Compose models in sequence.

Given models \((m_1,\dots,m_K)\), this wrapper evaluates

\[ y(x)=m_K(\cdots m_2(m_1(x))\cdots). \]

Adjacent models must have compatible sizes: canonical(prev.out_size) == canonical(next.in_size).

__init__(models: collections.abc.Sequence[phydrax.nn.models.core._base._AbstractBaseModel]) ¤
__call__(x: Array | tuple[Array, ...], /, *, key: Key[Array, ''] = jr.key(0)) -> Array ¤

Evaluate the model pipeline.

If tuple input is provided, the first stage must support structured input.


phydrax.nn.MagnitudeDirectionModel ¤

Combine a magnitude model and a direction model.

Given a scalar magnitude \(m(x)\) and a direction field \(d(x)\), returns

\[ y(x)=m(x)\,\frac{d(x)}{\|d(x)\|}. \]

If direction_model.out_size == "scalar", no normalization is applied.

__init__(magnitude_model: _AbstractBaseModel, direction_model: _AbstractBaseModel) ¤
__call__(x: Array | tuple[Array, ...], /, *, key: Key[Array, ''] = jr.key(0)) -> Array ¤

Evaluate \(y(x)=m(x)\,\frac{d(x)}{\|d(x)\|}\).

Uses a safe normalization \(\|d\|_\text{safe}=\mathop{\text{max}}(\|d\|,1)\) to avoid division by zero. If direction_model.out_size == "scalar", the normalization is skipped.


phydrax.nn.ComplexOutputModel ¤

Wrap model(s) and return complex outputs.

Two modes: - Single model with real output size \(2k\): split the last axis into \((\Re z,\Im z)\) and return \(z=\Re z + i\,\Im z\). - Pair (real_model, imag_model) with real output size \(k\): return \(z=u_{\text{re}}+i\,u_{\text{im}}\).
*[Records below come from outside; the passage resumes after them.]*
lemma isCont_lebesgue_integral_dominated:
  fixes f :: "'p::metric_space \<Rightarrow> 'a \<Rightarrow> 'b::{banach, second_countable_topology}"
  assumes f: "\<And>y. f y \<in> borel_measurable M" and w: "integrable M w"
    and bound: "\<And>y x. x \<in> space M \<Longrightarrow> norm (f y x) \<le> w x"
    and cont: "\<And>x. x \<in> space M \<Longrightarrow> isCont (\<lambda>y. f y x) y0"
  shows "isCont (\<lambda>y. \<integral>x. f y x \<partial>M) y0"
proof (rule continuous_at_sequentiallyI)
  fix u assume u: "u \<longlonglongrightarrow> y0"
  show "(\<lambda>n. \<integral>x. f (u n) x \<partial>M) \<longlonglongrightarrow> (\<integral>x. f y0 x \<partial>M)"
  proof (rule integral_dominated_convergence[OF f f w])
    show "AE x in M. norm (f (u n) x) \<le> w x" for n
      using bound by (intro AE_I2)
    show "AE x in M. (\<lambda>n. f (u n) x) \<longlonglongrightarrow> f y0 x"
      using isCont_tendsto_compose[OF cont u] by (intro AE_I2)
  qed
qed

definition scale_mixture_density :: "real \<Rightarrow> real \<Rightarrow> real \<Rightarrow> real" where
  "scale_mixture_density \<Delta> c y =
     (\<integral>x. laplace_density \<Delta> x * (std_normal_density (y / exp (c + x)) / exp (c + x)) \<partial>lborel)"

lemma scale_mixture_density_measurable[measurable]:
  assumes [measurable]: "H \<in> borel_measurable N"
  shows "(\<lambda>(\<omega>, y). scale_mixture_density \<Delta> (H \<omega>) y) \<in> borel_measurable (N \<Otimes>\<^sub>M lborel)"
  unfolding scale_mixture_density_def by measurable

lemma scale_mixture_integrand_bound:
  assumes "0 < \<Delta>"
  shows "\<bar>laplace_density \<Delta> x * (std_normal_density (y / exp (c + x)) / exp (c + x))\<bar>
           \<le> exp (- c) / sqrt (2 * pi) * (laplace_density \<Delta> x * exp (- x))"
proof -
  have "std_normal_density (y / exp (c + x)) / exp (c + x) \<le> exp (- c) / sqrt (2 * pi) * exp (- x)"
    using std_normal_density_le[of "y / exp (c + x)"]
    by (simp add: exp_add exp_minus field_simps)
  then have "laplace_density \<Delta> x * (std_normal_density (y / exp (c + x)) / exp (c + x))
      \<le> laplace_density \<Delta> x * (exp (- c) / sqrt (2 * pi) * exp (- x))"
    using assms by (intro mult_left_mono) (simp_all add: laplace_density_nonneg)
  then show ?thesis
    using assms by (simp add: laplace_density_nonneg mult_ac)
qed

lemma integrable_scale_mixture_integrand:
  assumes "0 < \<Delta>" "\<Delta> < 1"
  shows "integrable lborel (\<lambda>x. laplace_density \<Delta> x * (std_normal_density (y / exp (c + x)) / exp (c + x)))"
proof (rule Bochner_Integration.integrable_bound)
  show "integrable lborel (\<lambda>x. exp (- c) / sqrt (2 * pi) * (laplace_density \<Delta> x * exp (- x)))"
    using integrable_laplace_density_exp_neg[OF assms] .
  show "AE x in lborel. norm (laplace_density \<Delta> x * (std_normal_density (y / exp (c + x)) / exp (c + x)))
      \<le> norm (exp (- c) / sqrt (2 * pi) * (laplace_density \<Delta> x * exp (- x)))"
    using scale_mixture_integrand_bound[OF assms(1)] assms
    by (intro AE_I2) (simp add: laplace_density_nonneg)
qed simp

lemma scale_mixture_density_nonneg: "0 < \<Delta> \<Longrightarrow> 0 \<le> scale_mixture_density \<Delta> c y"
  unfolding scale_mixture_density_def
  by (intro integral_nonneg_AE AE_I2) (simp add: laplace_density_nonneg)

lemma scale_mixture_density_at_0:
  assumes "0 < \<Delta>" "\<Delta> < 1"
  shows "scale_mixture_density \<Delta> c 0 = 1 / (sqrt (2 * pi) * exp c) * (1 / (1 - \<Delta>\<^sup>2))"
proof -
  have "scale_mixture_density \<Delta> c 0
      = (\<integral>x. exp (- c) / sqrt (2 * pi) * (laplace_density \<Delta> x * exp (- x)) \<partial>lborel)"
    unfolding scale_mixture_density_def
    by (intro Bochner_Integration.integral_cong) (simp_all add: std_normal_density_def exp_add exp_minus field_simps)
  also have "\<dots> = exp (- c) / sqrt (2 * pi) * (1 / (1 - \<Delta>\<^sup>2))"
    using has_bochner_integral_laplace_density_exp[of \<Delta> "- 1"] assms
    by (simp add: has_bochner_integral_integral_eq)
  finally show ?thesis
    by (simp add: exp_minus field_simps)
qed

lemma isCont_scale_mixture_density:
  assumes "0 < \<Delta>" "\<Delta> < 1"
  shows "isCont (scale_mixture_density \<Delta> c) y"
  unfolding scale_mixture_density_def[abs_def]
proof (rule isCont_lebesgue_integral_dominated[OF _ integrable_laplace_density_exp_neg[OF assms,
      of "exp (- c) / sqrt (2 * pi)"]])
  show "isCont (\<lambda>y. laplace_density \<Delta> x * (std_normal_density (y / exp (c + x)) / exp (c + x))) y" for x
    by (simp add: std_normal_density_def)
qed (use scale_mixture_integrand_bound[OF assms(1)] in auto)

lemma nn_integral_scale_mixture:
  assumes \<Delta>: "0 < \<Delta>" "\<Delta> < 1" and B[measurable]: "B \<in> sets borel"
  shows "(\<integral>\<^sup>+x. ennreal (laplace_density \<Delta> x) *
            (\<integral>\<^sup>+z. ennreal (std_normal_density z) * indicator B (exp (c + x) * z) \<partial>lborel) \<partial>lborel)
       = (\<integral>\<^sup>+y. indicator B y * ennreal (scale_mixture_density \<Delta> c y) \<partial>lborel)"
proof -
  define k where "k x y = laplace_density \<Delta> x * (std_normal_density (y / exp (c + x)) / exp (c + x))" for x y
  have [measurable]: "(\<lambda>(y, x). k x y) \<in> borel_measurable (lborel \<Otimes>\<^sub>M lborel)"
    unfolding k_def by measurable
  have scale: "ennreal (laplace_density \<Delta> x) *
        (\<integral>\<^sup>+z. ennreal (std_normal_density z) * indicator B (exp (c + x) * z) \<partial>lborel)
      = (\<integral>\<^sup>+y. indicator B y * ennreal (k x y) \<partial>lborel)" for x
  proof -
    have "(\<integral>\<^sup>+y. indicator B y * ennreal (k x y) \<partial>lborel)
        = ennreal (exp (c + x)) *
          (\<integral>\<^sup>+z. indicator B (exp (c + x) * z) * ennreal (k x (exp (c + x) * z)) \<partial>lborel)"
      using nn_integral_real_affine[of "\<lambda>y. indicator B y * ennreal (k x y)" "exp (c + x)" 0]
      by (simp add: k_def)
    also have "\<dots> = (\<integral>\<^sup>+z. ennreal (laplace_density \<Delta> x) *
        (ennreal (std_normal_density z) * indicator B (exp (c + x) * z)) \<partial>lborel)"
      by (subst nn_integral_cmult[symmetric])
        (use \<Delta> in \<open>auto intro!: nn_integral_cong
          simp: k_def laplace_density_nonneg ennreal_mult[symmetric] split: split_indicator\<close>)
    finally show ?thesis
      by (simp add: nn_integral_cmult)
  qed
  have mixture: "(\<integral>\<^sup>+x. ennreal (k x y) \<partial>lborel) = ennreal (scale_mixture_density \<Delta> c y)" for y
    unfolding scale_mixture_density_def k_def using \<Delta>
    by (intro nn_integral_eq_integral integrable_scale_mixture_integrand AE_I2) (simp_all add: laplace_density_nonneg)
  have "(\<integral>\<^sup>+x. (\<integral>\<^sup>+y. indicator B y * ennreal (k x y) \<partial>lborel) \<partial>lborel)
      = (\<integral>\<^sup>+y. indicator B y * (\<integral>\<^sup>+x. ennreal (k x y) \<partial>lborel) \<partial>lborel)"
    by (subst lborel_pair.Fubini') (simp_all add: nn_integral_cmult)
  then show ?thesis
    by (simp add: scale mixture)
qed

section \<open>Conditional density of the product\<close>

lemma borel_measurable_fst[measurable]: "fst \<in> borel_measurable borel"
  and borel_measurable_snd[measurable]: "snd \<in> borel_measurable borel"
  by (intro borel_measurable_continuous_onI continuous_intros)+

lemma vimage_sets_comp_subset:
  assumes "g \<in> borel_measurable borel"
  shows "{(\<lambda>\<omega>. g (X \<omega>)) -` S \<inter> space M | S. S \<in> sets borel} \<subseteq> {X -` B \<inter> space M | B. B \<in> sets borel}"
proof
  fix T assume "T \<in> {(\<lambda>\<omega>. g (X \<omega>)) -` S \<inter> space M | S. S \<in> sets borel}"
  then obtain S where "T = X -` (g -` S) \<inter> space M" "S \<in> sets borel"
    by auto
  then show "T \<in> {X -` B \<inter> space M | B. B \<in> sets borel}"
    using measurable_sets[OF assms] by auto
qed

lemma (in prob_space) nn_integral_indep_vars_3:
  fixes V :: "nat \<Rightarrow> 'a \<Rightarrow> 'b::second_countable_topology"
  assumes [measurable]: "\<And>i. random_variable borel (V i)"
    and indep: "indep_vars (\<lambda>_. borel) V {0, 1, 2}"
    and [measurable]: "g \<in> borel_measurable borel"
  shows "(\<integral>\<^sup>+\<omega>. g (V 0 \<omega>, V 1 \<omega>, V 2 \<omega>) \<partial>M)
       = (\<integral>\<^sup>+\<omega>. \<integral>\<^sup>+\<omega>'. \<integral>\<^sup>+\<omega>''. g (V 0 \<omega>, V 1 \<omega>', V 2 \<omega>'') \<partial>M \<partial>M \<partial>M)"
proof -
  let ?P = "\<lambda>I. \<Pi>\<^sub>M i\<in>I. distr M borel (V i)"
  interpret product_sigma_finite "\<lambda>i. distr M borel (V i)"
    by (simp add: product_sigma_finite_def prob_space_distr prob_space_imp_sigma_finite)
  have distr_V: "distr M (\<Pi>\<^sub>M i\<in>{0, 1, 2}. borel) (\<lambda>\<omega>. \<lambda>i\<in>{0, 1, 2}. V i \<omega>) = ?P {0, 1, 2}"
    using indep by (subst (asm) indep_vars_iff_distr_eq_PiM) auto
  have g012: "(\<lambda>v. g (v 0, v 1, v 2)) \<in> borel_measurable (?P {0, 1, 2})"
    by measurable
  have g12: "(\<lambda>v. g (x, v 1, v 2)) \<in> borel_measurable (?P {1, 2})" for x
    by measurable
  have g2: "(\<lambda>z. g (x, y, z)) \<in> borel_measurable (distr M borel (V 2))" for x y
    by measurable
  have "(\<integral>\<^sup>+\<omega>. g (V 0 \<omega>, V 1 \<omega>, V 2 \<omega>) \<partial>M) = (\<integral>\<^sup>+v. g (v 0, v 1, v 2) \<partial>?P {0, 1, 2})"
  proof -
    have "(\<lambda>\<omega>. \<lambda>i\<in>{0, 1, 2}. V i \<omega>) \<in> M \<rightarrow>\<^sub>M (\<Pi>\<^sub>M i\<in>{0, 1, 2}. borel)"
      by measurable
    from nn_integral_distr[OF this g012[folded distr_V]] show ?thesis
      unfolding distr_V[symmetric] by simp
  qed
  also have "\<dots> = (\<integral>\<^sup>+x. \<integral>\<^sup>+v. g (x, v 1, v 2) \<partial>?P {1, 2} \<partial>distr M borel (V 0))"
    using product_nn_integral_insert_rev[OF _ _ g012] by simp
  also have "\<dots> = (\<integral>\<^sup>+x. \<integral>\<^sup>+y. \<integral>\<^sup>+z. g (x, y, z) \<partial>distr M borel (V 2) \<partial>distr M borel (V 1) \<partial>distr M borel (V 0))"
    using product_nn_integral_insert_rev[OF _ _ g12] product_nn_integral_singleton[OF g2] by simp
  also have "\<dots> = (\<integral>\<^sup>+\<omega>. \<integral>\<^sup>+\<omega>'. \<integral>\<^sup>+\<omega>''. g (V 0 \<omega>, V 1 \<omega>', V 2 \<omega>'') \<partial>M \<partial>M \<partial>M)"
    by (simp add: nn_integral_distr)
  finally show ?thesis .
qed

lemma (in prob_space) indep_vars_pairs_of_indep_sets:
  fixes H X Z :: "'a \<Rightarrow> real" and V :: "nat \<Rightarrow> 'a \<Rightarrow> real \<times> real"
  assumes sub: "subalgebra M G"
    and H[measurable]: "H \<in> borel_measurable G" and [measurable]: "X \<in> borel_measurable M" "Z \<in> borel_measurable M"
    and indep: "indep_sets (\<lambda>i::nat. if i = 0 then sets G
                     else if i = 1 then {X -` B \<inter> space M | B. B \<in> sets borel}
                     else {Z -` B \<inter> space M | B. B \<in> sets borel}) {0, 1, 2}"
    and A[measurable]: "A \<in> sets G"
  defines "V i \<omega> \<equiv> if i = 0 then (H \<omega>, indicator A \<omega>) else if i = 1 then (X \<omega>, 0) else (Z \<omega>, 0 :: real)"
  shows "indep_vars (\<lambda>_. borel) V {0, 1, 2}"
  unfolding indep_vars_def2
proof (intro conjI ballI)
  have V_simps: "V 0 = (\<lambda>\<omega>. (H \<omega>, indicator A \<omega>))" "V 1 = (\<lambda>\<omega>. (X \<omega>, 0))" "V 2 = (\<lambda>\<omega>. (Z \<omega>, 0))"
    by (simp_all add: V_def fun_eq_iff)
  have pair_0_measurable: "(\<lambda>x. (x, 0 :: real)) \<in> borel_measurable (borel :: real measure)"
    by (intro borel_measurable_continuous_onI continuous_intros)
  have [measurable]: "H \<in> borel_measurable M" "A \<in> sets M"
    using measurable_from_subalg[OF sub H] sub A by (auto simp: subalgebra_def)
  show "random_variable borel (V i)" for i
    unfolding V_def by simp
  show "indep_sets (\<lambda>i. {V i -` S \<inter> space M | S. S \<in> sets borel}) {0, 1, 2}"
  proof (rule indep_sets_mono_sets[OF indep])
    fix i :: nat assume "i \<in> {0, 1, 2}"
    then consider "i = 0" | "i = 1" | "i = 2"
      by auto
    then show "{V i -` S \<inter> space M | S. S \<in> sets borel} \<subseteq> (if i = 0 then sets G
                   else if i = 1 then {X -` B \<inter> space M | B. B \<in> sets borel}
                   else {Z -` B \<inter> space M | B. B \<in> sets borel})"
    proof cases
      case 1
      have V0: "V 0 \<in> borel_measurable G"
        by (simp add: V_simps)
      show ?thesis
        using 1 sub measurable_sets[OF V0] by (auto simp: subalgebra_def)
    next
      case 2
      then show ?thesis
        using vimage_sets_comp_subset[OF pair_0_measurable, of X M] by (simp only: V_simps) simp
    next
      case 3
      then show ?thesis
        using vimage_sets_comp_subset[OF pair_0_measurable, of Z M] by (simp only: V_simps) simp
    qed
  qed
qed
If \(k=1\) / "scalar", returns complex scalars (squeezes a trailing unit feature axis).

__init__(model_or_models: phydrax.nn.models.core._base._AbstractBaseModel | tuple[phydrax.nn.models.core._base._AbstractBaseModel, phydrax.nn.models.core._base._AbstractBaseModel]) ¤
__call__(x: Array | tuple[Array, ...], /, *, key: Key[Array, ''] = jr.key(0)) -> Array ¤

Evaluate the wrapped model(s) and return complex outputs.

  • Single-model mode: if the wrapped model returns \([u_{\text{re}},u_{\text{im}}]\) (feature axis size \(2k\)), this returns \(u_{\text{re}}+i\,u_{\text{im}}\).
  • Two-model mode: returns \(u_{\text{re}}(x)+i\,u_{\text{im}}(x)\).